━━ Supplied material
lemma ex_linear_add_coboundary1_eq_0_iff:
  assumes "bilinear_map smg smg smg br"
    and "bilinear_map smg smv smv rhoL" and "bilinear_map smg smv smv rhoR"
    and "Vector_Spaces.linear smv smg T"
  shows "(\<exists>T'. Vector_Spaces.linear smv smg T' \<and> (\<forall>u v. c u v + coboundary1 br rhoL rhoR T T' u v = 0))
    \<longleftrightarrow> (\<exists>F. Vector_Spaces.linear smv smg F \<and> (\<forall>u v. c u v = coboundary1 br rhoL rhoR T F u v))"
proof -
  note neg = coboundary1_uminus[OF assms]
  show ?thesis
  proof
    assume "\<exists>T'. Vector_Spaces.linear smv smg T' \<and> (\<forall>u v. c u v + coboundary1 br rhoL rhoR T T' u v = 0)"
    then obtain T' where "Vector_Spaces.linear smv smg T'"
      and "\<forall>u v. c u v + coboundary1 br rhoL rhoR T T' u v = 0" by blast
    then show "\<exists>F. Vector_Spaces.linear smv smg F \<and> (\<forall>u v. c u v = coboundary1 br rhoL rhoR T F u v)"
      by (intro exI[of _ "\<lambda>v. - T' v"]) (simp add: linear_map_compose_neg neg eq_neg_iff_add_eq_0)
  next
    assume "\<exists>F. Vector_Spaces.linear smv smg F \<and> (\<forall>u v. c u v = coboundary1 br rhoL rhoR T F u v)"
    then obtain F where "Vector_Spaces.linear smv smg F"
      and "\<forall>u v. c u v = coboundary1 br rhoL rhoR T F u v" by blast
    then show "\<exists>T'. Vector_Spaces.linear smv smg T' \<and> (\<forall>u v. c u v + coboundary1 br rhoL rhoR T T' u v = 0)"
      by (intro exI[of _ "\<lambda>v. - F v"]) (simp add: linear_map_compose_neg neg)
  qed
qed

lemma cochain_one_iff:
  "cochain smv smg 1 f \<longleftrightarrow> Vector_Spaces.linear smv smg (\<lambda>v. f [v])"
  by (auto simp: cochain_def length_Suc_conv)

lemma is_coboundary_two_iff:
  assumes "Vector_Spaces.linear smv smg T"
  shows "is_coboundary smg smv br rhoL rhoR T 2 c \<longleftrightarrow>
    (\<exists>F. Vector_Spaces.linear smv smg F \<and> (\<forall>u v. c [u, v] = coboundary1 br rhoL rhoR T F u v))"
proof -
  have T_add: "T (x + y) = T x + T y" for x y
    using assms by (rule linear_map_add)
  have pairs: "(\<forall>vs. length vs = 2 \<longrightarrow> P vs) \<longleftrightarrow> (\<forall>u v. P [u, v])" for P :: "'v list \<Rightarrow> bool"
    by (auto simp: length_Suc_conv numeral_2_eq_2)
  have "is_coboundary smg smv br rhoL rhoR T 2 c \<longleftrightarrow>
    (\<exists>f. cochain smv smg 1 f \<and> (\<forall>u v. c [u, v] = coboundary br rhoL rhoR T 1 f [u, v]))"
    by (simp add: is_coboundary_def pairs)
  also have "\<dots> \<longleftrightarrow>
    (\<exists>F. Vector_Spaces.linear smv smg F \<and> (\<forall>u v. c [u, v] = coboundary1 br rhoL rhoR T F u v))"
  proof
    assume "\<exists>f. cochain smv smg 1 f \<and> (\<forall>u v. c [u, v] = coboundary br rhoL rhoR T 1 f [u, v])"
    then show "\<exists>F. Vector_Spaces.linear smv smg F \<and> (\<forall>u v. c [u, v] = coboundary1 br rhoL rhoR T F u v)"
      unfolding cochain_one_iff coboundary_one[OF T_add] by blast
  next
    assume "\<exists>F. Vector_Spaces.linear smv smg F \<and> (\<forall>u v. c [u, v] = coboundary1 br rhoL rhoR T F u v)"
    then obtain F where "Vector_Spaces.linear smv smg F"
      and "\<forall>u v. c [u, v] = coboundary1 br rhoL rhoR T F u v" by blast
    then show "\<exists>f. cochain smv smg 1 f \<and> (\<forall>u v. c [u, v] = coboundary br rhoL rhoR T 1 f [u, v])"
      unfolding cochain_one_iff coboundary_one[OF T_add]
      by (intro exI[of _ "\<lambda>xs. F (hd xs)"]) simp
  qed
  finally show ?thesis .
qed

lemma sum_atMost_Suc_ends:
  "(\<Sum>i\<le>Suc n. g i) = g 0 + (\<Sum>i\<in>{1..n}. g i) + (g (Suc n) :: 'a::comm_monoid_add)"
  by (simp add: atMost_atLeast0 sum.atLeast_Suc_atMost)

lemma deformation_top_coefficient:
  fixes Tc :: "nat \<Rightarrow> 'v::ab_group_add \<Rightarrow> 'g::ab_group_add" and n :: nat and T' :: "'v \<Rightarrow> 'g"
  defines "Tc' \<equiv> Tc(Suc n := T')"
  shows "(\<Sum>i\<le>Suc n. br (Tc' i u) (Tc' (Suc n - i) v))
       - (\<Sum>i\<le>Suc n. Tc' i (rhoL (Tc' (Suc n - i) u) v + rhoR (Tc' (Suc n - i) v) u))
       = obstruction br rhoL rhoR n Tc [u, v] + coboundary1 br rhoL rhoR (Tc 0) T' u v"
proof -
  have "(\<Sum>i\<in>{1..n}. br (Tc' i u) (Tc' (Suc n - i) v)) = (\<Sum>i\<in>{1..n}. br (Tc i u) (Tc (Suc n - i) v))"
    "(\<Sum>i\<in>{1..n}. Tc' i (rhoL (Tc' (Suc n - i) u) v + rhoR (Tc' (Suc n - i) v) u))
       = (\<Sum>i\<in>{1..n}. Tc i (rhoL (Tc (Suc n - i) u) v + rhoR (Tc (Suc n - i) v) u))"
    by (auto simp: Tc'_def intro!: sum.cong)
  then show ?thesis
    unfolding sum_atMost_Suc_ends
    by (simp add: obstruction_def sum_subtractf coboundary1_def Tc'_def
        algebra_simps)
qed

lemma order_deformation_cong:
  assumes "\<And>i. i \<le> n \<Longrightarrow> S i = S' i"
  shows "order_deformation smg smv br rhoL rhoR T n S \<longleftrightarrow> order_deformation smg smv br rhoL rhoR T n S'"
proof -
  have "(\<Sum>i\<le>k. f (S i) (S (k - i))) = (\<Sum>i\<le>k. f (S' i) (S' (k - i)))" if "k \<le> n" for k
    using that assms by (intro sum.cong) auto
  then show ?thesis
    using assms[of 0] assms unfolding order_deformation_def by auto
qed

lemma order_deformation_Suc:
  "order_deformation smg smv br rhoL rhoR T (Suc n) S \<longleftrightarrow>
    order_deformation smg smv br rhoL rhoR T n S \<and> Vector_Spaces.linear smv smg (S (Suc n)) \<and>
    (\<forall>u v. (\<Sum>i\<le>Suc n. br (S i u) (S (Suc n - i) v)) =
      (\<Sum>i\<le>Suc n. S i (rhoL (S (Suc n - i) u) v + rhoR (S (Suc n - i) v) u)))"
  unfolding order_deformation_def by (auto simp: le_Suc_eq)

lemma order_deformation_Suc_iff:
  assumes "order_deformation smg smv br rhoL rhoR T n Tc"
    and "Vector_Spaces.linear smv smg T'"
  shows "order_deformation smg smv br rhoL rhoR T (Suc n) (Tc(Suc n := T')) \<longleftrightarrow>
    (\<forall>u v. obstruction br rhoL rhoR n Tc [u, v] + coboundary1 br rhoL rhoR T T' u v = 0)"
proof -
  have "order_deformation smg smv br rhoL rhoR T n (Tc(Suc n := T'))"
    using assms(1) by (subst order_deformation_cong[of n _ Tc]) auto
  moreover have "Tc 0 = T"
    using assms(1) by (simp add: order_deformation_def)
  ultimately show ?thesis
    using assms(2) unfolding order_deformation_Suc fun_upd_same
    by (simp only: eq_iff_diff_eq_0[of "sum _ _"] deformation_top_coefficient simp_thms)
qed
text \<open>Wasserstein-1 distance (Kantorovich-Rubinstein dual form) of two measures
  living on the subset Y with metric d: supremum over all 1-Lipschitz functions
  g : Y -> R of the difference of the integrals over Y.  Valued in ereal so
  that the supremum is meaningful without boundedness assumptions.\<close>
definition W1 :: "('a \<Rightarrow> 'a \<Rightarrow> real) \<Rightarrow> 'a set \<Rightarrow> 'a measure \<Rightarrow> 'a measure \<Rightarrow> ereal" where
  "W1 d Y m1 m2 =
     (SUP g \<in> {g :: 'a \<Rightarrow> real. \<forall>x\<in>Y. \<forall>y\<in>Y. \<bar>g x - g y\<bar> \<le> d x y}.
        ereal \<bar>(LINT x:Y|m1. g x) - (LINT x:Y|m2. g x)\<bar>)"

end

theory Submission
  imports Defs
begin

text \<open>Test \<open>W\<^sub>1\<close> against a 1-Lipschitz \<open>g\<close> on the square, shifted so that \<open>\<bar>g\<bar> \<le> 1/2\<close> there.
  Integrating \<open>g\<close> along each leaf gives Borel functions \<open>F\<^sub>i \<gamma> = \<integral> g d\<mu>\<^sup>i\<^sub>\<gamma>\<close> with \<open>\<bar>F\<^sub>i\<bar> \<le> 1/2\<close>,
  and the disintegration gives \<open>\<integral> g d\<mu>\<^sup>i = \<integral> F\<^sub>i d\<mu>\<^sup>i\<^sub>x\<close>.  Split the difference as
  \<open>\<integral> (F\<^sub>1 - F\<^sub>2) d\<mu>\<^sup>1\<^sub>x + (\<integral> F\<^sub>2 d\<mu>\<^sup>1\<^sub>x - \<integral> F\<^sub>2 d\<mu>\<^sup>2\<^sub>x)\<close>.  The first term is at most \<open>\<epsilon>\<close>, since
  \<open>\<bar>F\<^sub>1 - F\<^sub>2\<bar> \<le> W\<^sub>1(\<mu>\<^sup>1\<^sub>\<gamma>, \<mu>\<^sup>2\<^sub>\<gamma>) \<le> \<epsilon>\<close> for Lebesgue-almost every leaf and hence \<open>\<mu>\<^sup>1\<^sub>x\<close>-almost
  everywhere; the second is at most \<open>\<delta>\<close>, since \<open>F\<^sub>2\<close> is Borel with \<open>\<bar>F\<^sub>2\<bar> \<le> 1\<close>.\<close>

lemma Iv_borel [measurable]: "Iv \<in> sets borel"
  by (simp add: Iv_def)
━━━━
Assignment: Filter the entries above down to the lines that contain the word "shows".

Task solution:
  shows "(\<exists>T'. Vector_Spaces.linear smv smg T' \<and> (\<forall>u v. c u v + coboundary1 br rhoL rhoR T T' u v = 0))
  shows "is_coboundary smg smv br rhoL rhoR T 2 c \<longleftrightarrow>
  shows "(\<Sum>i\<le>Suc n. br (Tc' i u) (Tc' (Suc n - i) v))
  shows "order_deformation smg smv br rhoL rhoR T n S \<longleftrightarrow> order_deformation smg smv br rhoL rhoR T n S'"
  shows "order_deformation smg smv br rhoL rhoR T (Suc n) (Tc(Suc n := T')) \<longleftrightarrow>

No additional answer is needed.